The calculator offers a single function called random() for generating different kinds of random values in different contexts, depending on the provided arguments. For example, calling random() on a list will uniformly select elements from the list, and calling random() on a distribution will sample numbers with a frequency defined by that distribution. Regardless of the context, calling random() without additional arguments will return a single value; calling random(n) with a single additional argument will return a list of n values; and calling random(n, seed) will return a list of n values, using seed to influence the random number generator. See the note on seeds below.

Type: Result:
random() Generate a random value sampled uniformly from the interval [0,1).
random(n) Generate a list of n random values sampled uniformly from the interval [0,1).
random(n, seed) Generate a list of n random values sampled uniformly from the interval [0,1), using seed to influence the random number generator.
list.random() Return a single item selected uniformly from list.
list.random(n) Return a list of n items selected uniformly—with replacement—from list.
distribution.random() Return a single random number sampled from distribution.
distribution.random(n) Return a list of n samples drawn from distribution.
distribution.random(n, seed) Return a list of n samples drawn from distribution, using seed to influence the random number generator.

### A Note on Random Seeds

Like many computer programs, Desmos uses a pseudorandom number generator (PRNG) to produce sequences of numbers that are in practice reasonably indistinguishable from random even though they are in fact deterministic. The sequence of numbers produced by a PRNG is fixed by an initial value called its seed. The calculator does most of the work of creating and managing these seeds for you, but also offers two ways for you to force a seed update. 1. If any expression contains a random() call, a small "randomize" icon will appear at the top of the expressions list. Clicking it will set the global seed to a new value, which will simultaneously re-randomize all expressions that use random().

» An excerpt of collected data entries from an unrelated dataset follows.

lemma normalizer_mge: "mge_on (out_pre t) (reach t \<inter> coreach u) (normalizer (reach t) (coreach u))"
proof -
  have "normalizes (reach t) (coreach u) (normalizer (reach t) (coreach u))"
    using someI_ex[OF normalizes_reach_coreach] unfolding normalizer_def by auto
  then show ?thesis
    unfolding normalizes_def by blast
qed

lemma normalizer_initial: "normalizer I (coreach u) = (\<lambda>_. 1)"
proof -
  have "mge_on (out_pre []) (reach [] \<inter> coreach u) (\<lambda>_. 1)"
    by (rule mge_on_const_one[OF mge]) (simp add: reach_Nil out_pre_Nil)
  then have "normalizes I (coreach u) (\<lambda>_. 1)"
    unfolding normalizes_def using mge_on_reach_transfer reach_Nil by metis
  then show ?thesis
    unfolding normalizer_def by simp
qed

lemma normalizer_final: "normalizer (reach t) F = (\<lambda>_. 1)"
proof -
  have "mge_on (out_pre t') (reach t \<inter> F) (\<lambda>_. 1)" if "reach t' = reach t" for t'
  proof (rule mge_on_const_one[OF mge], intro ballI)
    fix p q assume "p \<in> reach t \<inter> F" "q \<in> reach t \<inter> F"
    then have "(t', out_pre t' p) \<in> lang I F Delta" "(t', out_pre t' q) \<in> lang I F Delta"
      using out_pre_lang that by auto
    then show "out_pre t' p = out_pre t' q"
      using functional unfolding functional_def by blast
  qed
  then have "normalizes (reach t) F (\<lambda>_. 1)"
    unfolding normalizes_def by blast
  then show ?thesis
    unfolding normalizer_def by simp
qed

definition psi_sets :: "'q set \<Rightarrow> 'a \<Rightarrow> 'q set \<Rightarrow> 'm option" where
  "psi_sets l a r = (if post l a \<inter> r = {} then None else Some (SOME z. \<forall>p q n.
      p \<in> l \<inter> pre r a \<longrightarrow> q \<in> post l a \<inter> r \<longrightarrow> (p, (Some a, n), q) \<in> Delta \<longrightarrow>
      normalizer l (pre r a) p * z = n * normalizer (post l a) r q))"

2. It is also possible to pass an optional seed argument to any individual random() call, which will only affect the seed for that specific call. This is mainly useful because it allows you to re-randomize a single expression in response to updates elsewhere in the expressions list. For instance, using a slider as a seed argument allows you to generate new random values whenever the slider is moved, perhaps in an animation. It's important to note that the seed argument you pass to random() is only one small part of the overall seed consumed by the PRNG. The other parts are beyond user control—and are not necessarily stable as expressions are edited—so you should not rely on random() results being reproducible. Specifying a seed argument to the random function allows you to incorporate additional information into the seed (such as the value of a slider), but does not give you full control over the seed or the value produced by random().